Stored data entries

%%

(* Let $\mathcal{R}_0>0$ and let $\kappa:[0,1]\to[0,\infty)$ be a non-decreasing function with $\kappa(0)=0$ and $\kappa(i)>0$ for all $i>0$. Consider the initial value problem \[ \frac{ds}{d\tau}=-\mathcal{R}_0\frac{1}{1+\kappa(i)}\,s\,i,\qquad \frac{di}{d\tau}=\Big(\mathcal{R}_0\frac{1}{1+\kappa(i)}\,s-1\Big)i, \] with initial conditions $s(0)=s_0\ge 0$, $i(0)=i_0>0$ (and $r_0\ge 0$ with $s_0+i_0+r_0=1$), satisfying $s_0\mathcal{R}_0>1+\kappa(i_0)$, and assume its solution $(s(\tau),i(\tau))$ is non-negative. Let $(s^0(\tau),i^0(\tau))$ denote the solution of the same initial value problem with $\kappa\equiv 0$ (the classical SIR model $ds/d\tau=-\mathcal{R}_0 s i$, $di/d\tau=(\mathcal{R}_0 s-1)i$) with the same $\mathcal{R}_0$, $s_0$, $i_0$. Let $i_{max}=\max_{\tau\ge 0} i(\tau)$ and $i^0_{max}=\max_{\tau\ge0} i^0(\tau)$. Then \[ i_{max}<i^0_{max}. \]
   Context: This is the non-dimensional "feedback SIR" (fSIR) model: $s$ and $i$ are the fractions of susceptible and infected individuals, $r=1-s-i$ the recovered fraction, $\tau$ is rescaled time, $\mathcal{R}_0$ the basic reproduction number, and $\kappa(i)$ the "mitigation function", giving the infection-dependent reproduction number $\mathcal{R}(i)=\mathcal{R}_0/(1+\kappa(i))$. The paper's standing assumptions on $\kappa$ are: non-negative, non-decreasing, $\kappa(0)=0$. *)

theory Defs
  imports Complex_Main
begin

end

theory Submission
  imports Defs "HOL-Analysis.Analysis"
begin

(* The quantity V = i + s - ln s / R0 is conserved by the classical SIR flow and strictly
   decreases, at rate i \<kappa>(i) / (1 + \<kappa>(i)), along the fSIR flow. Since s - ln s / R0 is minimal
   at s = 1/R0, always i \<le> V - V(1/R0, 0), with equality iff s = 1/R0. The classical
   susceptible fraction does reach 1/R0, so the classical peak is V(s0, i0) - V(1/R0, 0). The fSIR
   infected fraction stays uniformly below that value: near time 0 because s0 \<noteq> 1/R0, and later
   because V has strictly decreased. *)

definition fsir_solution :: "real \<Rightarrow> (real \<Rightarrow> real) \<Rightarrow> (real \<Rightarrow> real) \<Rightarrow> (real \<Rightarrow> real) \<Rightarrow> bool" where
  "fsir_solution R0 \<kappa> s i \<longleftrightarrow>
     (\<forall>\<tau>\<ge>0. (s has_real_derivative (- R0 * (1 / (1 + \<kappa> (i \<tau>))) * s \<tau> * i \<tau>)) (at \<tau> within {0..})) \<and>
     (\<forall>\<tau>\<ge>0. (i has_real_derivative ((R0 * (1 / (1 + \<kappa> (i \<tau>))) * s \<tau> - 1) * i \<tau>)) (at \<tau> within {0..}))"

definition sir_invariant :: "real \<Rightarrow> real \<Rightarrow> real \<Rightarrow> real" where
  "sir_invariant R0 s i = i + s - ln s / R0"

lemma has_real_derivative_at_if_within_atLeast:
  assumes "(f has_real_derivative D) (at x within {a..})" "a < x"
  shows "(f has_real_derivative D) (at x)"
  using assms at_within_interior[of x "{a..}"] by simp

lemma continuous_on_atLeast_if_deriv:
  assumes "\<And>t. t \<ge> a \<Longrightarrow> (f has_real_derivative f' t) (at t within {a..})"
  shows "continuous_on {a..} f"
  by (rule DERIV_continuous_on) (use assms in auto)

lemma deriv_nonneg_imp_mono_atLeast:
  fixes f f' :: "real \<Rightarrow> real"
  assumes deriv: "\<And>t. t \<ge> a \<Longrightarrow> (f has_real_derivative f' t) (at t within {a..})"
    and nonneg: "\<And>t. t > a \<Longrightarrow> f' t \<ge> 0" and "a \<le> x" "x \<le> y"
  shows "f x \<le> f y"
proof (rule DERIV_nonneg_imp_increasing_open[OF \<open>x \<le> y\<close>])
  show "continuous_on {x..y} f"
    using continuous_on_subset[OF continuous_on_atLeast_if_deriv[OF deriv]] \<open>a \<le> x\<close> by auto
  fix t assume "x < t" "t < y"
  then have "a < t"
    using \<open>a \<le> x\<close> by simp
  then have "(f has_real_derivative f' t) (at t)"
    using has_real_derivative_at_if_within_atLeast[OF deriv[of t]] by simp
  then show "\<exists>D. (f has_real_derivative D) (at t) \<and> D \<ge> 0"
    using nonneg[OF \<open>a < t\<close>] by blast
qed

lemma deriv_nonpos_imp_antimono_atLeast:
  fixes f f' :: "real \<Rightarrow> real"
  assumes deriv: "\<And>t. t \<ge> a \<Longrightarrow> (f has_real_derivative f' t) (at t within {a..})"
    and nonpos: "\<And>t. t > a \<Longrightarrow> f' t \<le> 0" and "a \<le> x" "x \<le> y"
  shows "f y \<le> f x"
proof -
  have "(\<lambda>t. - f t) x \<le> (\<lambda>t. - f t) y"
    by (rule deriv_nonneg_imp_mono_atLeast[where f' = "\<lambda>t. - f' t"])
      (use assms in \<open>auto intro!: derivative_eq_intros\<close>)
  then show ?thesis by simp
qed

%%

INSTRUCTIONS TO FOLLOW –
Every line in the records above that holds "assumes" counts once; state the total and nothing else.

TASK OUTPUT –
4